Encouragement · Healing · Letters from the Heart

Dear Dad

Letters from the Heart Blog Series

Today’s letter unveils a story I’ve had the privilege of watching over the years. It was written by the man who sees all my meltdowns, mess-ups, and smells my morning breath. Eww. This is part of my husband’s story that takes a peek behind the curtain of his public life. He graciously and reluctantly, agreed to write a letter for this series. I’m not sure he actually felt the freedom to say no, but maybe that is another letter to be written. Honestly, I’m so glad he put in the work and created this letter to his father. Though I did not have the opportunity to meet him, I’ve been gifted with sweet extensions of who he must have been. 
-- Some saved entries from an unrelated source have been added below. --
(* Let $n\geq 4$ and let $X_n$ be the rack of transpositions of $\mathbb{S}_n$. Let $-1$ denote the constant rack $2$-cocycle on $X_n$ with value $-1$, and let $\chi:X_n\times X_n\to\mathbb{C}^\times$ be given, for $\sigma\in X_n$ and $\tau=(i\;j)\in X_n$ with $i<j$, by $\chi(\sigma,\tau)=1$ if $\sigma(i)<\sigma(j)$ and $\chi(\sigma,\tau)=-1$ if $\sigma(i)>\sigma(j)$. Then the rack $2$-cocycles $\chi$ and $-1$ on $X_n$ are equivalent by twist. Consequently, the Nichols algebras $\mathfrak{B}(X_n,-1)$ and $\mathfrak{B}(X_n,\chi)$ have the same Hilbert series.
   Context: A rack is a non-empty set $X$ with a map $\triangleright:X\times X\to X$ such that $y\mapsto x\triangleright y$ is bijective for all $x$ and $x\triangleright(y\triangleright z)=(x\triangleright y)\triangleright(x\triangleright z)$. $X_n$ is the set of transpositions in $\mathbb{S}_n$ with $x\triangleright y=xyx^{-1}$. A rack $2$-cocycle is a map $q:X\times X\to\mathbb{C}^\times$ with $q_{x,y\triangleright z}q_{y,z}=q_{x\triangleright y,x\triangleright z}q_{x,z}$ for all $x,y,z$. For a map $\phi:X\times X\to\mathbb{C}^\times$ define $q^\phi_{x,y}=\phi(x,y)\phi(x\triangleright y,x)^{-1}q_{x,y}$. Two rack $2$-cocycles $q,q'$ on $X$ are equivalent by twist if there exists $\phi:X\times X\to\mathbb{C}^\times$ with $q'=q^\phi$. Given a rack $2$-cocycle $q$ on a finite rack $X$, let $V=\mathbb{C}X$ with basis $X$ and braiding $c(x\otimes y)=q_{x,y}\,(x\triangleright y)\otimes x$; this induces a representation $\rho_m$ of the braid group $\mathbb{B}_m$ on $V^{\otimes m}$ with $\rho_m(\sigma_i)=\mathrm{id}^{\otimes(i-1)}\otimes c\otimes\mathrm{id}^{\otimes(m-i-1)}$. Let $\mu:\mathbb{S}_m\to\mathbb{B}_m$ be the Matsumoto section ($\mu((i\;i+1))=\sigma_i$, $\mu(xy)=\mu(x)\mu(y)$ when lengths add), and $Q_m=\sum_{\sigma\in\mathbb{S}_m}\rho_m(\mu(\sigma))$ for $m\ge2$. The Nichols algebra is $\mathfrak{B}(X,q)=T(V)/\bigoplus_{m\ge2}\ker Q_m$, graded by tensor degree; its Hilbert series is $\sum_{m\ge0}\dim\mathfrak{B}^m(X,q)\,t^m$. *)

theory Defs
  imports Complex_Main "HOL-Library.Function_Algebras" "HOL-Combinatorics.Transposition"
    "HOL-Combinatorics.Permutations" "HOL-Computational_Algebra.Formal_Power_Series"
begin

text \<open>Permutations of {1..n} are represented as functions nat => nat (identity outside {1..n}).\<close>

definition rack_op :: "(nat \<Rightarrow> nat) \<Rightarrow> (nat \<Rightarrow> nat) \<Rightarrow> (nat \<Rightarrow> nat)" where
  "rack_op x y = x \<circ> y \<circ> inv x"

definition Xn :: "nat \<Rightarrow> (nat \<Rightarrow> nat) set" where
  "Xn n = {transpose i j | i j. 1 \<le> i \<and> i < j \<and> j \<le> n}"

definition rack_2cocycle :: "'a set \<Rightarrow> ('a \<Rightarrow> 'a \<Rightarrow> 'a) \<Rightarrow> ('a \<Rightarrow> 'a \<Rightarrow> complex) \<Rightarrow> bool" where
  "rack_2cocycle X r q \<longleftrightarrow>
     (\<forall>x\<in>X. \<forall>y\<in>X. q x y \<noteq> 0) \<and>
     (\<forall>x\<in>X. \<forall>y\<in>X. \<forall>z\<in>X. q x (r y z) * q y z = q (r x y) (r x z) * q x z)"

definition twist :: "('a \<Rightarrow> 'a \<Rightarrow> 'a) \<Rightarrow> ('a \<Rightarrow> 'a \<Rightarrow> complex) \<Rightarrow> ('a \<Rightarrow> 'a \<Rightarrow> complex)
    \<Rightarrow> ('a \<Rightarrow> 'a \<Rightarrow> complex)" where
  "twist r q \<phi> x y = \<phi> x y * inverse (\<phi> (r x y) x) * q x y"

definition equiv_by_twist :: "'a set \<Rightarrow> ('a \<Rightarrow> 'a \<Rightarrow> 'a) \<Rightarrow> ('a \<Rightarrow> 'a \<Rightarrow> complex)
    \<Rightarrow> ('a \<Rightarrow> 'a \<Rightarrow> complex) \<Rightarrow> bool" where
  "equiv_by_twist X r q q' \<longleftrightarrow>
     (\<exists>\<phi>. (\<forall>x\<in>X. \<forall>y\<in>X. \<phi> x y \<noteq> 0) \<and> (\<forall>x\<in>X. \<forall>y\<in>X. q' x y = twist r q \<phi> x y))"

definition chi :: "(nat \<Rightarrow> nat) \<Rightarrow> (nat \<Rightarrow> nat) \<Rightarrow> complex" where
  "chi \<sigma> \<tau> = (if \<exists>i j. i < j \<and> \<tau> = transpose i j \<and> \<sigma> i > \<sigma> j then -1 else 1)"

text \<open>V^{\<otimes> m} has basis the words of length m over X; vectors are functions
  from words to complex numbers supported on these words.\<close>

definition words :: "'a set \<Rightarrow> nat \<Rightarrow> 'a list set" where
  "words X m = {w. length w = m \<and> set w \<subseteq> X}"

definition tensor_space :: "'a set \<Rightarrow> nat \<Rightarrow> ('a list \<Rightarrow> complex) set" where
  "tensor_space X m = {f. \<forall>w. w \<notin> words X m \<longrightarrow> f w = 0}"

text \<open>rho_m(sigma_i), 1 <= i < m, acting on positions i, i+1 (1-indexed), as a linear map:
  basis word w goes to q(x,y) * w' where x, y are the letters at positions i, i+1 and
  w' has (x |> y, x) there.\<close>
definition braid_gen :: "'a set \<Rightarrow> ('a \<Rightarrow> 'a \<Rightarrow> 'a) \<Rightarrow> ('a \<Rightarrow> 'a \<Rightarrow> complex) \<Rightarrow> nat \<Rightarrow> nat
    \<Rightarrow> ('a list \<Rightarrow> complex) \<Rightarrow> ('a list \<Rightarrow> complex)" where
  "braid_gen X r q m i f = (\<lambda>v. \<Sum>w\<in>words X m.
      (if v = w[i - 1 := r (w ! (i - 1)) (w ! i), i := w ! (i - 1)]
       then q (w ! (i - 1)) (w ! i) * f w else 0))"

definition rho_word :: "'a set \<Rightarrow> ('a \<Rightarrow> 'a \<Rightarrow> 'a) \<Rightarrow> ('a \<Rightarrow> 'a \<Rightarrow> complex) \<Rightarrow> nat \<Rightarrow> nat list
    \<Rightarrow> ('a list \<Rightarrow> complex) \<Rightarrow> ('a list \<Rightarrow> complex)" where
  "rho_word X r q m ws = foldr (\<lambda>i g. braid_gen X r q m i \<circ> g) ws id"

definition perm_word :: "nat list \<Rightarrow> (nat \<Rightarrow> nat)" where
  "perm_word ws = foldr (\<lambda>i p. transpose i (Suc i) \<circ> p) ws id"

definition reduced_word :: "nat \<Rightarrow> (nat \<Rightarrow> nat) \<Rightarrow> nat list" where
  "reduced_word m \<sigma> = (SOME ws. set ws \<subseteq> {1..<m} \<and> perm_word ws = \<sigma> \<and>
      (\<forall>vs. set vs \<subseteq> {1..<m} \<and> perm_word vs = \<sigma> \<longrightarrow> length ws \<le> length vs))"

definition Q_op :: "'a set \<Rightarrow> ('a \<Rightarrow> 'a \<Rightarrow> 'a) \<Rightarrow> ('a \<Rightarrow> 'a \<Rightarrow> complex) \<Rightarrow> nat
    \<Rightarrow> ('a list \<Rightarrow> complex) \<Rightarrow> ('a list \<Rightarrow> complex)" where
  "Q_op X r q m f = (\<lambda>w. \<Sum>\<sigma>\<in>{\<sigma>. \<sigma> permutes {1..m}}. rho_word X r q m (reduced_word m \<sigma>) f w)"

text \<open>dim B^m(X,q) = dim T^m / ker Q_m = dim of the image of Q_m on T^m
  (for m < 2, Q_m is the identity, so B^m = T^m).\<close>
definition nichols_dim :: "'a set \<Rightarrow> ('a \<Rightarrow> 'a \<Rightarrow> 'a) \<Rightarrow> ('a \<Rightarrow> 'a \<Rightarrow> complex) \<Rightarrow> nat \<Rightarrow> nat" where
  "nichols_dim X r q m =
     vector_space.dim (\<lambda>(c::complex) f w. c * f w) (Q_op X r q m ` tensor_space X m)"

definition hilbert_series :: "'a set \<Rightarrow> ('a \<Rightarrow> 'a \<Rightarrow> 'a) \<Rightarrow> ('a \<Rightarrow> 'a \<Rightarrow> complex) \<Rightarrow> nat fps" where
  "hilbert_series X r q = Abs_fps (nichols_dim X r q)"

end

theory Submission
  imports Defs
begin

(* In the Clifford algebra generated by anticommuting e_1, e_2, ... with e_k^2 = 1, send a
   transposition (a b), a < b, to u_(a b) = e_a - e_b.  Then u_x^2 = 2 and
   u_(x \<triangleright> y) u_x = -\<chi>(x, y) u_x u_y.  Hence for every word w over X_n the product u_w is nonzero,
   and a nonzero coordinate d(w) of it changes by the factor -\<chi> under each Hurwitz move
   (x, y) \<mapsto> (x \<triangleright> y, x).  Multiplying the basis word w of V^{\<otimes>m} by d(w) is therefore a diagonal
   change of basis turning the braid group representation for the cocycle -1 into the one for \<chi>;
   it maps the image of Q_m for -1 onto the image of Q_m for \<chi>, so the graded dimensions agree,
   and restricted to words of length two it gives the twist. *)

section \<open>Diagonal changes of basis of the tensor powers\<close>

definition braid_move :: "('a \<Rightarrow> 'a \<Rightarrow> 'a) \<Rightarrow> nat \<Rightarrow> 'a list \<Rightarrow> 'a list" where
  "braid_move r k w = w[k := r (w ! k) (w ! Suc k), Suc k := w ! k]"

text \<open>Pointwise multiplication by \<open>d\<close> is a diagonal change of basis of every tensor power
  that conjugates \<open>\<rho>_m\<close> for \<open>q\<close> into \<open>\<rho>_m\<close> for \<open>q'\<close>.\<close>
definition rescales_braiding :: "'a set \<Rightarrow> ('a \<Rightarrow> 'a \<Rightarrow> 'a) \<Rightarrow> ('a \<Rightarrow> 'a \<Rightarrow> complex)
    \<Rightarrow> ('a \<Rightarrow> 'a \<Rightarrow> complex) \<Rightarrow> ('a list \<Rightarrow> complex) \<Rightarrow> bool" where
  "rescales_braiding X r q q' d \<longleftrightarrow> (\<forall>w. d w \<noteq> 0) \<and>
     (\<forall>w k. set w \<subseteq> X \<longrightarrow> Suc k < length w \<longrightarrow>
        q' (w ! k) (w ! Suc k) * d w = q (w ! k) (w ! Suc k) * d (braid_move r k w))"

lemma rescales_braiding_equiv_by_twist:
  assumes "rescales_braiding X r q q' d"
  shows "equiv_by_twist X r q q'"
  unfolding equiv_by_twist_def
proof (intro exI[of _ "\<lambda>x y. inverse (d [x, y])"] conjI ballI)
  fix x y assume "x \<in> X" "y \<in> X"
  then have "q' x y * d [x, y] = q x y * d [r x y, x]"
    using assms by (auto simp: rescales_braiding_def braid_move_def dest!: spec[of _ "[x, y]"])
  moreover have "d [x, y] \<noteq> 0"
    using assms by (simp add: rescales_braiding_def)
  ultimately show "q' x y = twist r q (\<lambda>x y. inverse (d [x, y])) x y"
    by (simp add: twist_def field_simps)
qed (use assms in \<open>simp add: rescales_braiding_def\<close>)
Every writer who has contributed to this series has said the same thing; writing the letter took a lot of guts and energy, but it was a cathartic experience. Is there a letter you need to write? I encourage you to take a step toward doing the hard thing. There’s something for you in the middle of the discomfort. Reach for it, friend. 

_______________________________________

Dear Dad,

My wife, Alyssa, asked me if I would write you a letter for her current blog series. At first, I thought it was a great idea; I could use a little self-psychotherapy, but the inspiration for what to say never seemed to materialize. A few weeks later, she gently prodded about how my letter was coming or if I still wished to participate. Again, I responded “absolutely”-though I still had no idea what to say.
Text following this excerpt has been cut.